- **THE TASK**
Among the entries below, find every line that has "assumes" and pull it out.

- **EXCERPTED DATA**

lemma critical_curve_dilation:
  assumes "critical_curve \<mu> I \<gamma>" and "c \<noteq> 0"
  shows "critical_curve (c * \<mu>) ((\<lambda>s. c * s) ` I) (dilation c \<gamma>)"
proof -
  let ?\<kappa> = "signed_curvature \<gamma>" and ?\<kappa>\<^sub>c = "signed_curvature (dilation c \<gamma>)"
  have arc: "arc_length_curve I \<gamma>"
    using assms(1) by (simp add: critical_curve_def)
  from assms(1) obtain f' f'' where f: "\<And>s. s \<in> I \<Longrightarrow>
      ((\<lambda>t. exp (\<mu> * ?\<kappa> t)) has_real_derivative f' s) (at s) \<and>
      (f' has_real_derivative f'' s) (at s) \<and>
      f'' s + ((?\<kappa> s)\<^sup>2 - ?\<kappa> s / \<mu>) * exp (\<mu> * ?\<kappa> s) = 0"
    unfolding critical_curve_def by blast
  have \<kappa>\<^sub>c: "?\<kappa>\<^sub>c t = ?\<kappa> (t / c) / c" if "t \<in> (\<lambda>s. c * s) ` I" for t
    using signed_curvature_dilation[OF arc assms(2)] in_scaled_image_iff[OF assms(2)] that
    by blast
  show ?thesis
    unfolding critical_curve_def
  proof (intro conjI exI ballI arc_length_curve_dilation[OF arc assms(2)])
    fix t assume t: "t \<in> (\<lambda>s. c * s) ` I"
    then have "t / c \<in> I"
      using in_scaled_image_iff[OF assms(2)] by blast
    note f = f[OF this]
    show "((\<lambda>t. exp (c * \<mu> * ?\<kappa>\<^sub>c t)) has_real_derivative f' (t / c) / c) (at t)"
    proof (rule has_field_derivative_transform_within_open)
      show "((\<lambda>t. exp (\<mu> * ?\<kappa> (t / c))) has_real_derivative f' (t / c) / c) (at t)"
        using has_real_derivative_rescale f by blast
      show "open ((\<lambda>s. c * s) ` I)"
        using arc assms(2) open_scaled_image by (auto simp: arc_length_curve_def)
      show "exp (\<mu> * ?\<kappa> (s / c)) = exp (c * \<mu> * ?\<kappa>\<^sub>c s)" if "s \<in> (\<lambda>s. c * s) ` I" for s
        using \<kappa>\<^sub>c[OF that] assms(2) by simp
    qed (rule t)
    show "((\<lambda>t. f' (t / c) / c) has_real_derivative f'' (t / c) / c\<^sup>2) (at t)"
      using DERIV_cdivide[OF has_real_derivative_rescale, of f' "f'' (t / c)"] f
      by (simp add: power2_eq_square)
    have "f'' (t / c) / c\<^sup>2 + ((?\<kappa>\<^sub>c t)\<^sup>2 - ?\<kappa>\<^sub>c t / (c * \<mu>)) * exp (c * \<mu> * ?\<kappa>\<^sub>c t)
        = (f'' (t / c) + ((?\<kappa> (t / c))\<^sup>2 - ?\<kappa> (t / c) / \<mu>) * exp (\<mu> * ?\<kappa> (t / c))) / c\<^sup>2"
      using assms(2) by (simp add: \<kappa>\<^sub>c[OF t] field_simps power2_eq_square)
    then show "f'' (t / c) / c\<^sup>2 + ((?\<kappa>\<^sub>c t)\<^sup>2 - ?\<kappa>\<^sub>c t / (c * \<mu>)) * exp (c * \<mu> * ?\<kappa>\<^sub>c t) = 0"
      using f by simp
  qed
qed

lemma critical_curve_curvature_differentiable:
  assumes "critical_curve \<mu> I \<gamma>" and "\<mu> \<noteq> 0" and "s \<in> I"
  shows "signed_curvature \<gamma> differentiable (at s)"
proof -
  \<comment> \<open>Criticality only makes \<open>exp (\<mu> \<kappa>)\<close> differentiable; for \<open>\<mu> \<noteq> 0\<close> we recover \<open>\<kappa> = ln (exp (\<mu> \<kappa>)) / \<mu>\<close>.\<close>
  let ?E = "\<lambda>t. exp (\<mu> * signed_curvature \<gamma> t)"
  obtain E' where "(?E has_real_derivative E') (at s)"
    using assms(1,3) unfolding critical_curve_def by blast
  from DERIV_cdivide[OF DERIV_chain2[OF DERIV_ln_divide this], of \<mu>]
  have "((\<lambda>t. ln (?E t) / \<mu>) has_real_derivative 1 / ?E s * E' / \<mu>) (at s)"
    by simp
  moreover have "(\<lambda>t. ln (?E t) / \<mu>) = signed_curvature \<gamma>"
    using assms(2) by auto
  ultimately show ?thesis
    using DERIV_deriv_iff_real_differentiable DERIV_imp_deriv by metis
qed

lemma deriv_signed_curvature_dilation:
  assumes "arc_length_curve I \<gamma>" and "c \<noteq> 0" and "t / c \<in> I"
    and "signed_curvature \<gamma> differentiable (at (t / c))"
  shows "deriv (signed_curvature (dilation c \<gamma>)) t = deriv (signed_curvature \<gamma>) (t / c) / c\<^sup>2"
proof (rule DERIV_imp_deriv)
  let ?\<kappa> = "signed_curvature \<gamma>"
  show "(signed_curvature (dilation c \<gamma>) has_real_derivative deriv ?\<kappa> (t / c) / c\<^sup>2) (at t)"
  proof (rule has_field_derivative_transform_within_open)
    show "((\<lambda>s. ?\<kappa> (s / c) / c) has_real_derivative deriv ?\<kappa> (t / c) / c\<^sup>2) (at t)"
      using DERIV_cdivide[OF has_real_derivative_rescale, of ?\<kappa> _ t c c] assms(4)
      by (simp add: DERIV_deriv_iff_real_differentiable power2_eq_square)
    show "open ((\<lambda>s. c * s) ` I)"
      using assms(1,2) open_scaled_image by (auto simp: arc_length_curve_def)
    show "t \<in> (\<lambda>s. c * s) ` I"
      using assms(2,3) in_scaled_image_iff by blast
    show "?\<kappa> (s / c) / c = signed_curvature (dilation c \<gamma>) s" if "s \<in> (\<lambda>s. c * s) ` I" for s
      using signed_curvature_dilation[OF assms(1,2)] in_scaled_image_iff[OF assms(2)] that
      by simp
  qed
qed

lemma first_integral_const_dilation:
  assumes "arc_length_curve I \<gamma>" and "c \<noteq> 0"
    and "\<forall>s\<in>I. signed_curvature \<gamma> differentiable (at s)"
    and "first_integral_const \<mu> I \<gamma> d"
  shows "first_integral_const (c * \<mu>) ((\<lambda>s. c * s) ` I) (dilation c \<gamma>) d"
  unfolding first_integral_const_def
proof
  fix t assume "t \<in> (\<lambda>s. c * s) ` I"
  then have t: "t / c \<in> I"
    using in_scaled_image_iff[OF assms(2)] by blast
  have \<kappa>\<^sub>c: "c * \<mu> * signed_curvature (dilation c \<gamma>) t = \<mu> * signed_curvature \<gamma> (t / c)"
    using signed_curvature_dilation[OF assms(1,2) t] assms(2) by simp
  have "(c * \<mu>) ^ 4 * (deriv (signed_curvature (dilation c \<gamma>)) t)\<^sup>2
      = \<mu> ^ 4 * (deriv (signed_curvature \<gamma>) (t / c))\<^sup>2"
    using deriv_signed_curvature_dilation[OF assms(1,2) t] assms(2,3) t
    by (simp add: field_simps power2_eq_square numeral_eq_Suc)
  also have "\<dots> = d * exp (-2 * \<mu> * signed_curvature \<gamma> (t / c))
                 - (\<mu> * signed_curvature \<gamma> (t / c) - 1)\<^sup>2"
    using assms(4) t by (simp add: first_integral_const_def)
  also have "\<dots> = d * exp (-2 * (c * \<mu>) * signed_curvature (dilation c \<gamma>) t)
                 - (c * \<mu> * signed_curvature (dilation c \<gamma>) t - 1)\<^sup>2"
    by (metis \<kappa>\<^sub>c mult.assoc)
  finally show "(c * \<mu>) ^ 4 * (deriv (signed_curvature (dilation c \<gamma>)) t)\<^sup>2
      = d * exp (-2 * (c * \<mu>) * signed_curvature (dilation c \<gamma>) t)
        - (c * \<mu> * signed_curvature (dilation c \<gamma>) t - 1)\<^sup>2" .
qed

- **WORKED SOLUTION**
  assumes "critical_curve \<mu> I \<gamma>" and "c \<noteq> 0"
  assumes "critical_curve \<mu> I \<gamma>" and "\<mu> \<noteq> 0" and "s \<in> I"
  assumes "arc_length_curve I \<gamma>" and "c \<noteq> 0" and "t / c \<in> I"
  assumes "arc_length_curve I \<gamma>" and "c \<noteq> 0"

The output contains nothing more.